(EXTRACTED ENTRIES)
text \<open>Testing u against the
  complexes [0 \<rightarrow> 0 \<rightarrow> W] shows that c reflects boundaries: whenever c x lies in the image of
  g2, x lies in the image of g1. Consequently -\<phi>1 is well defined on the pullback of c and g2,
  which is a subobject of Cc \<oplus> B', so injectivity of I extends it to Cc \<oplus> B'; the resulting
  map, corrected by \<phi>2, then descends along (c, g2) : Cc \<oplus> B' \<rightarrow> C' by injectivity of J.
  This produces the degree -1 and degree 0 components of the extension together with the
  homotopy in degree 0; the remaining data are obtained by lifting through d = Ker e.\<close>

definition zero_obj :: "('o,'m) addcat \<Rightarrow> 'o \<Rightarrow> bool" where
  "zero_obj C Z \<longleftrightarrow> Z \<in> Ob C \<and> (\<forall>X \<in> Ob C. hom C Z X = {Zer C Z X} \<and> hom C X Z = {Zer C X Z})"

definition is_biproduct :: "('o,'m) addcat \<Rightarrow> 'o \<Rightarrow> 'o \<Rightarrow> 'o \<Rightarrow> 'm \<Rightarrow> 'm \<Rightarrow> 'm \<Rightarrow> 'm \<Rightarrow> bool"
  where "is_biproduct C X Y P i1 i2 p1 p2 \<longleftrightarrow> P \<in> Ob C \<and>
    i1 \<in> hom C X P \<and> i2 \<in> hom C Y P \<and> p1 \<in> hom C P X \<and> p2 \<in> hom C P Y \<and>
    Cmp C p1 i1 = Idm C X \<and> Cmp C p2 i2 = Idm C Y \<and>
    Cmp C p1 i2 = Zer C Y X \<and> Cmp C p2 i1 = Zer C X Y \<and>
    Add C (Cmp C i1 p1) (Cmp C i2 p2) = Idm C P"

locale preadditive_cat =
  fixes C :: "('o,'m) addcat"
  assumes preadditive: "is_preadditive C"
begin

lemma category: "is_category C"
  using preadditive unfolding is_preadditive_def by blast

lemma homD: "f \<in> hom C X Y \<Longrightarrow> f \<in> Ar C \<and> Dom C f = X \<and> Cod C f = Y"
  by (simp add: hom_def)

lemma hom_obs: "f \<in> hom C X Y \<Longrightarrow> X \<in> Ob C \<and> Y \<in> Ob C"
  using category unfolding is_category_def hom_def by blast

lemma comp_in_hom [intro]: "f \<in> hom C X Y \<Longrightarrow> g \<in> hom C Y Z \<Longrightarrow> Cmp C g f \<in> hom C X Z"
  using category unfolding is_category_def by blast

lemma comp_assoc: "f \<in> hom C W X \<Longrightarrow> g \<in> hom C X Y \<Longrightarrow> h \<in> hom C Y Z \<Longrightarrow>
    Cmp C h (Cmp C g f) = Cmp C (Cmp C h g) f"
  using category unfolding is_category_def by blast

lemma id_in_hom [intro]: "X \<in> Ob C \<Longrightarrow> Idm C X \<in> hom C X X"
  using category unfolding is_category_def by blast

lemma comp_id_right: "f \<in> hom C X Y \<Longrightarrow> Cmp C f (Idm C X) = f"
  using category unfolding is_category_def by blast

...

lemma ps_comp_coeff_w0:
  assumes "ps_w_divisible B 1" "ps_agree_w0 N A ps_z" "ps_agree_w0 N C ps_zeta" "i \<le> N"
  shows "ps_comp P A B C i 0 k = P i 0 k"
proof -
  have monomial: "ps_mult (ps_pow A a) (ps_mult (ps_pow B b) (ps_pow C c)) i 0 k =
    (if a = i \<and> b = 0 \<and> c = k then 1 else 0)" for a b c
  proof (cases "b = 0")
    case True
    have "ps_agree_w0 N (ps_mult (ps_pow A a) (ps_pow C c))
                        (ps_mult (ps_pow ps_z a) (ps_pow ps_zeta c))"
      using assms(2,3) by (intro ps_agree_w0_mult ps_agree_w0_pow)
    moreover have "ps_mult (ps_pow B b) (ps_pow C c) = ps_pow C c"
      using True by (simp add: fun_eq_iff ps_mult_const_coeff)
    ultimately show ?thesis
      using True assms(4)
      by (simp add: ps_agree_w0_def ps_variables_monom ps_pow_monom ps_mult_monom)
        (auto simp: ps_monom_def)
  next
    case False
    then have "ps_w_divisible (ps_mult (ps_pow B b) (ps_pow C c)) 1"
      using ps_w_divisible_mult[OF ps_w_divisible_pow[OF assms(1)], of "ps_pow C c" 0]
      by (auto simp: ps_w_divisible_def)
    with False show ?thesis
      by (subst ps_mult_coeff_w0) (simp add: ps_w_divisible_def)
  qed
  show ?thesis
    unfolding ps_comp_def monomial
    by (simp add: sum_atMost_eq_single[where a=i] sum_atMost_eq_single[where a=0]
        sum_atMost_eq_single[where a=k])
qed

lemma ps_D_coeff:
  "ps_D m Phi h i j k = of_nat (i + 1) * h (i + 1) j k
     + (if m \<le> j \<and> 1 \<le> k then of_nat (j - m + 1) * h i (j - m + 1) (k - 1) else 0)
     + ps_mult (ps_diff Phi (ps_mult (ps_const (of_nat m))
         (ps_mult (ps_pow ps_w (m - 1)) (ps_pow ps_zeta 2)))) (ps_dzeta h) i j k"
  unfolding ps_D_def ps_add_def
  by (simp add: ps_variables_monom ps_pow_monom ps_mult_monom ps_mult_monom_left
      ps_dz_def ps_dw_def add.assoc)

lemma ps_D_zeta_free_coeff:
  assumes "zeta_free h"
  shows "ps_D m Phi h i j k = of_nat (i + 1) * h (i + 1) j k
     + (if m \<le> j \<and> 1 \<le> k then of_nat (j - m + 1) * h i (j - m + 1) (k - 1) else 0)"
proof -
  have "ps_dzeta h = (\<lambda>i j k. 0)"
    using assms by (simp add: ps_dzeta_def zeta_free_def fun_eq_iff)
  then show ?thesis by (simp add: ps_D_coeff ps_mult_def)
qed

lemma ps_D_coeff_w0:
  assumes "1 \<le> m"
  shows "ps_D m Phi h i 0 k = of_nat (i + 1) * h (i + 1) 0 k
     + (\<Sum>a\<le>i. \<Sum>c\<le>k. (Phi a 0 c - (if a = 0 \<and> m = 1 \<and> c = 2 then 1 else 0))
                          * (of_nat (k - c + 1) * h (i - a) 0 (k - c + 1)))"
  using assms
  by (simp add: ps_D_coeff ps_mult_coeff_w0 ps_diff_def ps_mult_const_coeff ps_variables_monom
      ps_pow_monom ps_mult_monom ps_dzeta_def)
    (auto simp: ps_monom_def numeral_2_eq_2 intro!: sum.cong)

(WHAT THE TASK ASKS)
Whatever else the listing above holds, retype exactly only the lines from the one containing "with False show ?thesis" to the one containing "(ps_const (of_nat m))", both ends kept.

(WRITTEN ANSWER)
    with False show ?thesis
      by (subst ps_mult_coeff_w0) (simp add: ps_w_divisible_def)
  qed
  show ?thesis
    unfolding ps_comp_def monomial
    by (simp add: sum_atMost_eq_single[where a=i] sum_atMost_eq_single[where a=0]
        sum_atMost_eq_single[where a=k])
qed

lemma ps_D_coeff:
  "ps_D m Phi h i j k = of_nat (i + 1) * h (i + 1) j k
     + (if m \<le> j \<and> 1 \<le> k then of_nat (j - m + 1) * h i (j - m + 1) (k - 1) else 0)
     + ps_mult (ps_diff Phi (ps_mult (ps_const (of_nat m))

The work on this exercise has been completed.